[WORK ORDER]:
Write out, from the entries below, exactly the lines that run between the lines holding "k - buyer_util" and "all_constraints \<le> card", inclusive, and stop there.

- Opening Delimiter -

lemma finite_coords: "finite coords"
  by (simp add: coords_def)

lemma card_coords: "card coords = l * (m + 1)"
  by (simp add: coords_def card_cartesian_product)

lemma dot_on_unit_coord:
  assumes "c \<in> coords"
  shows "dot_on coords (unit_coord c s) y = s * y c"
proof -
  have "dot_on coords (unit_coord c s) y = (\<Sum>x\<in>coords. if x = c then s * y c else 0)"
    unfolding dot_on_def by (rule sum.cong) (auto simp: unit_coord_def)
  then show ?thesis using assms finite_coords by simp
qed

lemma box_constraints_iff:
  "(\<forall>r\<in>box_constraints. dot_on coords (fst r) y \<le> snd r) \<longleftrightarrow> (\<forall>c\<in>coords. 0 \<le> y c \<and> y c \<le> coord_cap c)"
proof
  assume box: "\<forall>r\<in>box_constraints. dot_on coords (fst r) y \<le> snd r"
  show "\<forall>c\<in>coords. 0 \<le> y c \<and> y c \<le> coord_cap c"
  proof
    fix c assume c: "c \<in> coords"
    then have "dot_on coords (unit_coord c (-1)) y \<le> 0" "dot_on coords (unit_coord c 1) y \<le> coord_cap c"
      using box[rule_format, of "(unit_coord c (-1), 0)"] box[rule_format, of "(unit_coord c 1, coord_cap c)"]
      by (auto simp: box_constraints_def)
    with c show "0 \<le> y c \<and> y c \<le> coord_cap c" by (simp add: dot_on_unit_coord)
  qed
qed (auto simp: box_constraints_def dot_on_unit_coord)

lemma bounded_constraints_box:
  assumes "box_constraints \<subseteq> R"
  shows "bounded_constraints coords R"
  unfolding bounded_constraints_def
proof (intro allI impI)
  fix w assume "supported coords w" "w \<noteq> (\<lambda>_. 0)"
  then obtain c where c: "c \<in> coords" "w c \<noteq> 0" by (auto simp: supported_def fun_eq_iff)
  then have "(unit_coord c 1, coord_cap c) \<in> R \<and> (unit_coord c (-1), 0) \<in> R"
    using assms by (auto simp: box_constraints_def)
  with c show "\<exists>r\<in>R. dot_on coords (fst r) w > 0"
    by (cases "w c > 0") (force simp: dot_on_unit_coord)+
qed

lemma buyer_util_decode_menu:
  assumes "j \<le> l"
  shows "buyer_util m v (decode_menu y) j = dot_on coords (utility_coeffs v j) y"
proof (cases "j = 0")
  case True
  then show ?thesis by (simp add: buyer_util_def entry_def dot_on_def utility_coeffs_def case_prod_beta)
next
  case False
  then have j: "j \<in> {1..l}" using assms by simp
  have "dot_on coords (utility_coeffs v j) y
      = (\<Sum>j'\<in>{1..l}. \<Sum>i\<le>m. utility_coeffs v j (j', i) * y (j', i))"
    by (simp add: dot_on_def coords_def sum.cartesian_product)
  also have "\<dots> = (\<Sum>j'\<in>{1..l}. if j' = j then (\<Sum>i\<le>m. utility_coeffs v j (j, i) * y (j, i)) else 0)"
    by (rule sum.cong) (auto simp: utility_coeffs_def)
  also have "\<dots> = (\<Sum>i\<in>insert m {..<m}. utility_coeffs v j (j, i) * y (j, i))"
    using j by (simp add: atMost_Suc lessThan_Suc_atMost[symmetric])
  also have "\<dots> = (\<Sum>i<m. v i * y (j, i)) - y (j, m)"
    using False by (simp add: utility_coeffs_def)
  finally show ?thesis using j by (simp add: buyer_util_def entry_def decode_menu_def)
qed

lemma valid_decode_menu:
  assumes "\<forall>c\<in>coords. 0 \<le> y c \<and> y c \<le> coord_cap c"
  shows "valid_menu m H l (decode_menu y)"
  unfolding valid_menu_def
proof (intro ballI conjI allI impI)
  fix j assume j: "j \<in> {1..l}"
  then have y: "0 \<le> y (j, i) \<and> y (j, i) \<le> coord_cap (j, i)" if "i \<le> m" for i
    using assms that by (simp add: coords_def)
  show "0 \<le> snd (decode_menu y j)" "snd (decode_menu y j) \<le> real m * H"
    using y[of m] j by (simp_all add: decode_menu_def coord_cap_def)
  fix i assume "i < m"
  then show "0 \<le> fst (decode_menu y j) i" "fst (decode_menu y j) i \<le> 1"
    using y[of i] j by (simp_all add: decode_menu_def coord_cap_def)
qed

lemma decode_encode_menu:
  "\<forall>j\<in>{1..l}. snd (decode_menu (encode_menu \<rho>) j) = snd (\<rho> j)
     \<and> (\<forall>i<m. fst (decode_menu (encode_menu \<rho>) j) i = fst (\<rho> j) i)"
  by (simp add: decode_menu_def encode_menu_def coords_def)

lemma dot_on_ic_constraint:
  assumes "j \<le> l" "k \<le> l"
  shows "dot_on coords (fst (ic_constraint v j k)) y
    = buyer_util m v (decode_menu y) k - buyer_util m v (decode_menu y) j"
  using assms by (simp add: ic_constraint_def dot_on_diff_left buyer_util_decode_menu)

lemma revenue_decode_menu_ge:
  assumes "j \<le> l" and ic: "\<forall>k\<le>l. dot_on coords (fst (ic_constraint v j k)) y \<le> snd (ic_constraint v j k)"
  shows "snd (entry (decode_menu y) j) \<le> revenue m l v (decode_menu y)"
proof (intro revenue_ge_best_price[OF assms(1)] allI impI)
  fix k assume k: "k \<le> l"
  have "snd (ic_constraint v j k) = 0" by (simp add: ic_constraint_def)
  with ic k have "dot_on coords (fst (ic_constraint v j k)) y \<le> 0" by auto
  then show "buyer_util m v (decode_menu y) k \<le> buyer_util m v (decode_menu y) j"
    by (simp add: dot_on_ic_constraint[OF assms(1) k])
qed

lemma finite_all_constraints: "finite all_constraints"
  unfolding all_constraints_def box_constraints_def using finite_coords finite_types by auto

lemma card_box_constraints: "card box_constraints \<le> 2 * card coords"
proof -
  have "card box_constraints
      \<le> card ((\<lambda>c. (unit_coord c (-1), 0 :: real)) ` coords) + card ((\<lambda>c. (unit_coord c 1, coord_cap c)) ` coords)"
    unfolding box_constraints_def by (rule card_Un_le)
  also have "\<dots> \<le> card coords + card coords"
    by (intro add_mono card_image_le finite_coords)
  finally show ?thesis by simp
qed

lemma card_all_constraints: "card all_constraints \<le> 2 * card coords + card Vs * (l + 1) * (l + 1)"
proof -
  have "card all_constraints \<le> card box_constraints + card ((\<lambda>(v, j, k). ic_constraint v j k) ` (Vs \<times> {..l} \<times> {..l}))"
    unfolding all_constraints_def by (rule card_Un_le)
  also have "\<dots> \<le> 2 * card coords + card (Vs \<times> {..l} \<times> {..l})"
    by (intro add_mono card_box_constraints card_image_le) (simp add: finite_types)
  also have "card (Vs \<times> {..l} \<times> {..l}) = card Vs * (l + 1) * (l + 1)"
    by (simp add: card_cartesian_product algebra_simps)
  finally show ?thesis .
qed

lemma card_candidate_menus:
  "finite candidate_menus \<and> card candidate_menus \<le> (card all_constraints + 1) ^ card coords"
proof -
  have fin: "finite (basic_solutions coords all_constraints)"
    and card: "card (basic_solutions coords all_constraints) \<le> (card all_constraints + 1) ^ card coords"
    using card_basic_solutions[OF finite_all_constraints] by auto
  have sub: "candidate_menus \<subseteq> decode_menu ` basic_solutions coords all_constraints"
    by (auto simp: candidate_menus_def)
  then have "finite candidate_menus" using fin by (meson finite_imageI finite_subset)
  moreover have "card candidate_menus \<le> card (basic_solutions coords all_constraints)"
    using sub fin by (meson card_image_le card_mono finite_imageI order.trans)
  ultimately show ?thesis using card by simp
qed

lemma candidate_menu_dominates:
  assumes \<rho>: "valid_menu m H l \<rho>" and b: "\<forall>t<T. b t \<in> Vs"
  obtains \<rho>' where "\<rho>' \<in> candidate_menus"
    "(\<Sum>t<T. revenue m l (b t) \<rho>) \<le> (\<Sum>t<T. revenue m l (b t) \<rho>')"
proof -
  define y0 where "y0 = encode_menu \<rho>"
  have rev0: "revenue m l v (decode_menu y0) = revenue m l v \<rho>" for v
    unfolding y0_def by (rule revenue_cong[OF decode_encode_menu])
  have "\<forall>v. \<exists>j. j \<le> l \<and> (\<forall>k\<le>l. buyer_util m v (decode_menu y0) k \<le> buyer_util m v (decode_menu y0) j)
      \<and> snd (entry (decode_menu y0) j) = revenue m l v (decode_menu y0)"
    by (metis revenue_attained)
  then obtain \<sigma> where \<sigma>: "\<And>v. \<sigma> v \<le> l"
    "\<And>v k. k \<le> l \<Longrightarrow> buyer_util m v (decode_menu y0) k \<le> buyer_util m v (decode_menu y0) (\<sigma> v)"
    "\<And>v. snd (entry (decode_menu y0) (\<sigma> v)) = revenue m l v (decode_menu y0)"
    by metis
  define R where "R = box_constraints \<union> (\<lambda>(v, k). ic_constraint v (\<sigma> v) k) ` (Vs \<times> {..l})"
  have "ic_constraint v (\<sigma> v) k \<in> all_constraints" if "v \<in> Vs" "k \<le> l" for v k
    unfolding all_constraints_def using that \<sigma>(1)[of v] by (intro UnI2 image_eqI[of _ _ "(v, \<sigma> v, k)"]) auto
  moreover have "box_constraints \<subseteq> all_constraints" by (simp add: all_constraints_def)
  ultimately have R_sub: "R \<subseteq> all_constraints" unfolding R_def by auto
  then have R_fin: "finite R" using finite_all_constraints finite_subset by auto
  have ic: "dot_on coords (fst (ic_constraint v (\<sigma> v) k)) y \<le> snd (ic_constraint v (\<sigma> v) k)"
    if "feasible coords R y" "v \<in> Vs" "k \<le> l" for y v k
    using that by (auto simp: feasible_def R_def)
  have "\<forall>c\<in>coords. 0 \<le> y0 c \<and> y0 c \<le> coord_cap c"
    using \<rho> by (auto simp: y0_def encode_menu_def coords_def coord_cap_def valid_menu_def)
  moreover have "dot_on coords (fst (ic_constraint v (\<sigma> v) k)) y0 \<le> snd (ic_constraint v (\<sigma> v) k)"
    if "k \<le> l" for v k
    using \<sigma>(2)[OF that] by (simp add: dot_on_ic_constraint[OF \<sigma>(1) that]) (simp add: ic_constraint_def)
  moreover have "supported coords y0" by (simp add: supported_def y0_def encode_menu_def)
  ultimately have "feasible coords R y0"
    unfolding feasible_def R_def using box_constraints_iff[of y0] by auto
  define f where "f y = (\<Sum>t<T. snd (entry (decode_menu y) (\<sigma> (b t))))" for y
  have "snd (entry (decode_menu (\<lambda>c. y c + s * w c)) j)
      = snd (entry (decode_menu y) j) + s * snd (entry (decode_menu w) j)" for y w s j
    by (simp add: entry_def decode_menu_def)
  then have f_linear: "f (\<lambda>c. y c + s * w c) = f y + s * f w" for y w s
    by (simp add: f_def sum.distrib sum_distrib_left)
  obtain y' where y': "y' \<in> basic_solutions coords R" "feasible coords R y'" "f y0 \<le> f y'"
    by (rule feasible_dominated_by_basic_solution[where f=f, OF finite_coords R_fin
          bounded_constraints_box f_linear \<open>feasible coords R y0\<close>]) (simp add: R_def)
  have "\<forall>r\<in>box_constraints. dot_on coords (fst r) y' \<le> snd r"
    using y'(2) by (simp add: feasible_def R_def)
  then have "valid_menu m H l (decode_menu y')" by (simp add: box_constraints_iff valid_decode_menu)
  then have candidate: "decode_menu y' \<in> candidate_menus"
    using y'(1) basic_solutions_mono[OF R_sub] by (auto simp: candidate_menus_def)
  have "(\<Sum>t<T. revenue m l (b t) \<rho>) = f y0"
    unfolding f_def by (simp add: \<sigma>(3) rev0)
  moreover have "f y' \<le> (\<Sum>t<T. revenue m l (b t) (decode_menu y'))"
    unfolding f_def using b \<sigma>(1) ic[OF y'(2)] by (intro sum_mono revenue_decode_menu_ge) auto
  ultimately have "(\<Sum>t<T. revenue m l (b t) \<rho>) \<le> (\<Sum>t<T. revenue m l (b t) (decode_menu y'))"
    using y'(3) by linarith
  with candidate show ?thesis by (rule that)
qed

- Closing Delimiter -

[EXPECTED ANSWER]:
    = buyer_util m v (decode_menu y) k - buyer_util m v (decode_menu y) j"
  using assms by (simp add: ic_constraint_def dot_on_diff_left buyer_util_decode_menu)

lemma revenue_decode_menu_ge:
  assumes "j \<le> l" and ic: "\<forall>k\<le>l. dot_on coords (fst (ic_constraint v j k)) y \<le> snd (ic_constraint v j k)"
  shows "snd (entry (decode_menu y) j) \<le> revenue m l v (decode_menu y)"
proof (intro revenue_ge_best_price[OF assms(1)] allI impI)
  fix k assume k: "k \<le> l"
  have "snd (ic_constraint v j k) = 0" by (simp add: ic_constraint_def)
  with ic k have "dot_on coords (fst (ic_constraint v j k)) y \<le> 0" by auto
  then show "buyer_util m v (decode_menu y) k \<le> buyer_util m v (decode_menu y) j"
    by (simp add: dot_on_ic_constraint[OF assms(1) k])
qed

lemma finite_all_constraints: "finite all_constraints"
  unfolding all_constraints_def box_constraints_def using finite_coords finite_types by auto

lemma card_box_constraints: "card box_constraints \<le> 2 * card coords"
proof -
  have "card box_constraints
      \<le> card ((\<lambda>c. (unit_coord c (-1), 0 :: real)) ` coords) + card ((\<lambda>c. (unit_coord c 1, coord_cap c)) ` coords)"
    unfolding box_constraints_def by (rule card_Un_le)
  also have "\<dots> \<le> card coords + card coords"
    by (intro add_mono card_image_le finite_coords)
  finally show ?thesis by simp
qed

lemma card_all_constraints: "card all_constraints \<le> 2 * card coords + card Vs * (l + 1) * (l + 1)"
proof -
  have "card all_constraints \<le> card box_constraints + card ((\<lambda>(v, j, k). ic_constraint v j k) ` (Vs \<times> {..l} \<times> {..l}))"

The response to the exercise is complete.